Gefüllt mit den Bildern vom und den Erinnerungen an den tollen Nachmittag bei den Grizzlies nehme ich den Regen aber gar nicht war. Und schon in Meziadin Junction, wo ich den Tank fülle, erscheint die Sonne. Das bleibt eine gute Stunde lang so, doch 50 Kilometer vor Kitwanga erwischt mich dann die nächste Husche, und zwar kräftig! In Kitwanga ist’s dann wieder trocken, doch eine Analyse des Himmels macht mir die Entscheidung an dieser Kreuzung einfach. Soll ich gen Westen nach Prince Rupert, wo es apokalyptisch aussieht, um im Nassen an der Fähre anzukommen, dort möglicherweise gar nicht an Board zu können – online war die Fähre nämlich bereits ausgebucht – und wenn, die schöne Inside-Passage im Regen zu erleben – auch nur der halbe Spass – und dafür auch noch 400$ bezahlen? Oder doch lieber gen Osten – passt ja auch besser zum Titel des Blogs – wo der Himmel aufklart und warme Temperaturen locken?

Ein kurzer Smalltalk mit John aus Vancouver Island, der dort an der Tanke in Kitwanga, mit seiner 1986-er Goldwing steht und mir beim Aufbocken meines Mopeds hilft, bestärkt mich in der Entscheidung für die Ostvariante auf dem Landwege nach Vancouver Island über Prince George, vorbei am Frazer Lake, wo es sich toll campen ließe, so John. Das erweist sich schon eine Stunde später bei Smithers als gute Wahl. Der Himmel reißt auf und ich mir die Regenklamotten herunter. Das Thermometer klettert auf 24 Grad – so kann’s weiter gehen. Unterwegs passiere ich schöne Seen, in denen sich die Landschaften spiegeln.

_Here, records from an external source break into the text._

lemma exists_keys_cond_prob_ge:
  fixes k U p m :: nat
  assumes "\<kappa> = ln (real k)" "\<mu> = ln (real U)"
    and "prime p" "U < p" "0 < m" "m \<le> U" "1 \<le> k" "k < U"
  shows "\<exists>X. X \<subseteq> {1..<U} \<and> card X = k \<and>
    1 / (real m * real k) * exp (\<eta> * ln 2 / 128 * sqrt L) \<le> cond_prob p m X 0 0 0"
proof -
  obtain r n T j where params: "key_parameters k U r n T j" and j: "4 + \<eta> * sqrt L / 128 \<le> real j"
    using exists_key_parameters[OF assms(1,2)] by blast
  obtain X where X: "X \<subseteq> {1..<U}" "card X = k"
    and cp: "2 ^ j / (16 * real m * real k) \<le> cond_prob p m X 0 0 0"
    using cond_prob_ge_prime_product_keys[OF assms(3-8) params] by blast
  have "1 / (real m * real k) * exp (\<eta> * ln 2 / 128 * sqrt L)
      = 16 * exp (\<eta> * sqrt L / 128 * ln 2) / (16 * real m * real k)"
    by (simp add: field_simps)
  also have "\<dots> \<le> 2 ^ j / (16 * real m * real k)"
    using sixteen_exp_le_two_pow[OF j] by (intro divide_right_mono) auto
  finally have "1 / (real m * real k) * exp (\<eta> * ln 2 / 128 * sqrt L) \<le> cond_prob p m X 0 0 0"
    using cp by linarith
  then show ?thesis
    using X by blast
qed

end

lemma log_regime_eventually:
  fixes \<epsilon> :: real
  assumes "0 < \<epsilon>"
  shows "\<exists>K0. \<forall>k U :: nat. K0 \<le> k \<and> real k powr (1 + \<epsilon>) \<le> real U \<longrightarrow>
    log_regime (min \<epsilon> 1 / 8) (ln (real k)) (ln (real U)) \<and> 1 \<le> k \<and> k < U"
proof -
  define \<eta> where "\<eta> = min \<epsilon> 1 / 8"
  define \<Lambda> where "\<Lambda> = max (exp 16) ((16 * (640 / \<eta>)\<^sup>2)\<^sup>2)"
  have \<eta>: "0 < \<eta>" "\<eta> \<le> 1 / 8" "8 * \<eta> \<le> \<epsilon>"
    unfolding \<eta>_def using assms by auto
  have \<Lambda>: "exp 16 \<le> \<Lambda>" "(16 * (640 / \<eta>)\<^sup>2)\<^sup>2 \<le> \<Lambda>"
    unfolding \<Lambda>_def by simp_all
  show ?thesis
  proof (intro exI[of _ "nat \<lceil>exp \<Lambda>\<rceil>"] allI impI)
    fix k U :: nat
    assume kU: "nat \<lceil>exp \<Lambda>\<rceil> \<le> k \<and> real k powr (1 + \<epsilon>) \<le> real U"
    have "exp \<Lambda> \<le> real (nat \<lceil>exp \<Lambda>\<rceil>)"
      by (rule real_nat_ceiling_ge)
    also have "\<dots> \<le> real k"
      using conjunct1[OF kU] by (simp only: of_nat_le_iff)
    finally have "exp \<Lambda> \<le> real k" .
    then have ln_k: "\<Lambda> \<le> ln (real k)"
      using exp_gt_zero[of \<Lambda>] by (subst ln_ge_iff) linarith+
    have "0 < \<Lambda>"
      using \<Lambda>(1) exp_gt_zero[of 16] by linarith
    then have "1 < exp \<Lambda>"
      by simp
    then have "1 < real k"
      using \<open>exp \<Lambda> \<le> real k\<close> by linarith
    then have "k < U" "(1 + \<epsilon>) * ln (real k) \<le> ln (real U)"
      using assms kU less_and_ln_le_if_powr_le by auto
    moreover have "(1 + 8 * \<eta>) * ln (real k) \<le> (1 + \<epsilon>) * ln (real k)"
      using \<eta> \<open>1 < real k\<close> by (intro mult_right_mono) auto
    moreover have "exp 16 \<le> ln (real k)" "16 * (640 / \<eta>)\<^sup>2 \<le> sqrt (ln (real k))"
      using \<Lambda> ln_k by (auto intro: real_le_rsqrt)
    ultimately have "log_regime \<eta> (ln (real k)) (ln (real U))"
      using \<eta>(1,2) unfolding log_regime_def by auto
    then show "log_regime (min \<epsilon> 1 / 8) (ln (real k)) (ln (real U)) \<and> 1 \<le> k \<and> k < U"
      using \<open>1 < real k\<close> \<open>k < U\<close> unfolding \<eta>_def by simp
  qed
qed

Spiegelnde Landschaften in den Seen am Wegesrand

John sehe ich noch mehrere male. Er fährt zwar etwas schneller als ich, doch dafür hält er auch öfters an. Gegen Abend, schon nicht mehr weit vom Etappenziel Frazer Lake, entdecke ich ihn wieder im Rückspiegel, wo er verharrt, ohne mich zu überholen. So bleibt es, bis ich 20 Minuten später in Frazer Lake links zum Campground abbiege. Er hinterher. Also halte ich kurz an, und er gibt mir einen Zettel mit seiner Adresse und Telefonnummer. Ich solle doch anrufen, wenn ich nach Vancouver Island käme. Ich könne bei ihm Übernachten, Duschen und Wäsche waschen. Wow! Wieder so eine unglaubliche Begegnung! Ich bedanke mich und verspreche anzurufen. Er selbst will heute noch die 160 km bis Prince George fahren, sich dort ein Zimmer nehmen und schon morgen zuhause ankommen – was für ein Ritt! Ich sehe seine Rücklichter verschwinden und fahre zum Campground, gleich hinter den Bahngleisen, über die ich noch mehrere ewig lange Güterzüge mit Doppelstöckigen Containerwaggons fahren sehen werde. Das ist immer sehr spektakuläre!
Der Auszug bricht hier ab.